Beware of scaling factors when adjusting benchmarks. If you have a reasonable comparable, for example in geography and development stage, but believe your indication addresses a market ten times greater, it does not automatically follow that your upfront and milestone payments will be similarly scaled up. Many collaborative R&D deals involving the same big pharma partner, especially early-stage high risk ones, appear to have almost identical upfront and lump sum terms regardless of the market opportunity. Research your would-be partners deal-making history. In licensing deals, royalties constitute the lion’s share of theoretical value and it is therefore through royalties, and particularly tiers in royalties, that the scale of the opportunity is addressed and not through the lump sum components.

SUCCESSFUL BENCHMARKING

When it comes to best practice in benchmarking there is no substitute for reading all available information on a deal in depth. The goal should be to find good comparables and these should be, hopefully, a few good ‘probables’, not baskets of ‘possibles’.

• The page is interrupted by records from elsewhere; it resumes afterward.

lemma D0_kernel_vec: "D0 *v kernel_vec q = 0"
proof -
  have "(\<Sum>j<5. cell_vec j q * D0 $ p $ pivot j) = D0 $ p $ q" for p
  proof -
    have "(\<Sum>j<5. cell_vec j q * D0 $ p $ pivot j) = (\<Sum>j<5. cell_vec j q * (cell_vec j p / 12))"
      by (rule sum.cong) (simp_all add: D0_pivot_column)
    also have "\<dots> = D0 $ p $ q" by (simp add: D0_def sum_divide_distrib mult.commute)
    finally show ?thesis .
  qed
  then show ?thesis by (simp add: vec_eq_iff mv_kernel_vec)
qed

lemma kernel_D0_form:
  assumes herm: "\<And>p q. a $ p $ q = cnj (a $ q $ p)" and ker: "\<And>z. D0 *v z = 0 \<Longrightarrow> a *v z = 0"
  shows "a $ p $ q = (\<Sum>j<5. cell_vec j q * (\<Sum>i<5. cell_vec i p * a $ pivot i $ pivot j))"
proof -
  have col: "a $ p $ q = (\<Sum>j<5. cell_vec j q * a $ p $ pivot j)" for p q
  proof -
    have "(a *v kernel_vec q) $ p = 0" using ker[OF D0_kernel_vec] by simp
    then show ?thesis by (simp add: mv_kernel_vec)
  qed
  have "a $ p $ pivot j = (\<Sum>i<5. cell_vec i p * a $ pivot i $ pivot j)" for j
  proof -
    have hc: "cnj (a $ p $ q) = a $ q $ p" for p q using herm[of q p] by simp
    have "a $ p $ pivot j = cnj (a $ pivot j $ p)" by (rule herm)
    also have "\<dots> = cnj (\<Sum>i<5. cell_vec i p * a $ pivot j $ pivot i)" by (subst col, rule refl)
    also have "\<dots> = (\<Sum>i<5. cell_vec i p * a $ pivot i $ pivot j)" by (simp add: cell_vec_real hc)
    finally show ?thesis .
  qed
  then show ?thesis by (subst col) simp
qed

lemma all_4: "(\<forall>x::4. P x) \<longleftrightarrow> P 1 \<and> P 2 \<and> P 3 \<and> P 4"
  by (metis exhaust_4)

text \<open>Rigidity of \<open>D\<^sub>0\<close>: a state in \<open>\<Gamma>(4)\<close> whose kernel contains \<open>ker D\<^sub>0\<close> is
  \<open>\<Sum>\<^sub>i\<^sub>j K\<^sub>i\<^sub>j w\<^sub>i w\<^sub>j\<^sup>T\<close>, and the 32 partial-trace equations (16 entries of each
  marginal) form a linear system whose only solution is \<open>K = I/12\<close>.\<close>
lemma D0_rigid:
  assumes aG: "a \<in> Gamma" and ker: "\<And>z. D0 *v z = 0 \<Longrightarrow> a *v z = 0"
  shows "a = D0"
proof -
  define K where "K i j = a $ pivot i $ pivot j" for i j
  have psd: "psd a" and marg: "marg1 a = mat (1/4)" "marg2 a = mat (1/4)"
    using aG by (simp_all add: Gamma_iff)
  have form: "a $ p $ q = (\<Sum>j<5. cell_vec j q * (\<Sum>i<5. cell_vec i p * K i j))" for p q
    unfolding K_def by (rule kernel_D0_form[OF psd_hermitian[OF psd] ker])
  have "\<forall>x y. (\<Sum>z\<in>UNIV. a $ (x,z) $ (y,z)) = mat (1/4) $ x $ y
             \<and> (\<Sum>z\<in>UNIV. a $ (z,x) $ (z,y)) = mat (1/4) $ x $ y"
    using marg[THEN arg_cong[where f="\<lambda>M. M $ _ $ _"]] by (simp add: marg1_def marg2_def)
  note system = this[unfolded all_4 form sum_UNIV_4 sum_lessThan_5 cell_vec_def cells_def mat_def,
      simplified, unfolded complex_eq_iff, simplified]
  have "Re (K i j) = (if i = j then 1/12 else 0)" "Im (K i j) = 0" if "i < 5" "j < 5" for i j
    using less_5_cases[OF that(1)] less_5_cases[OF that(2)] system
    by (elim disjE; simp; linarith)+
  then have K: "K i j = (if i = j then 1/12 else 0)" if "i < 5" "j < 5" for i j
    using that by (simp add: complex_eq_iff)
  have "a $ p $ q = D0 $ p $ q" for p q
    unfolding form D0_def by (simp add: K sum_divide_distrib mult.commute if_distrib[where f="\<lambda>c. _ * c"] cong: if_cong)
  then show ?thesis by (simp add: vec_eq_iff)
qed

lemma D0_extreme: "D0 extreme_point_of Gamma"
  by (rule extreme_point_if_kernel_rigid[OF _ D0_Gamma D0_rigid]) (simp_all add: Gamma_iff)

text \<open>\<open>MR(4) = 5\<close>: rank 6 or more is excluded because \<open>6\<^sup>2 > 2 \<cdot> 4\<^sup>2\<close>, and \<open>D\<^sub>0\<close> attains 5.\<close>
theorem theorem2p6:
  shows "(\<forall>D :: complex^(4\<times>4)^(4\<times>4). D extreme_point_of Gamma \<longrightarrow> rank D \<le> 5)
       \<and> (\<exists>D :: complex^(4\<times>4)^(4\<times>4). D extreme_point_of Gamma \<and> rank D = 5)"
proof (intro conjI allI impI)
  fix D :: "complex^(4\<times>4)^(4\<times>4)"
  assume extreme: "D extreme_point_of Gamma"
  show "rank D \<le> 5"
  proof (rule ccontr)
    assume "\<not> rank D \<le> 5"
    then have "CARD(6) \<le> rank D" by simp
    moreover have "D \<in> Gamma" using extreme by (simp add: extreme_point_of_def)
    ultimately have "\<not> D extreme_point_of Gamma"
      by (intro large_rank_not_extreme[where 'r = 6]) simp_all
    then show False using extreme by contradiction
  qed
next
  show "\<exists>D :: complex^(4\<times>4)^(4\<times>4). D extreme_point_of Gamma \<and> rank D = 5"
    using D0_extreme rank_D0 by blast
qed

end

If we are successful in our benchmarking quest, we will uncover three main pieces of information. Firstly, if we are lucky, we will see how broad or narrow the structure of a deal could be in terms of lump sum payments and, secondly, we will understand what percentages have been agreed as royalties in deals for products such as ours; this may be particularly relevant if we are benchmarking against deals involving a common (potential) licensee who may have preferred maximum and minimum splits around the key value components. Thirdly, we will see what directly competitive products or technologies have been the subject of those royalty and deal structure benchmarks.

When it comes to valuation there is no definitive answer to the right methodology or for that matter the right answer. Benchmarking, however, can tell us the most about the market, its behaviours and perceptions, its approach to risk and in the end it is the market that determines whether we have value to offer it.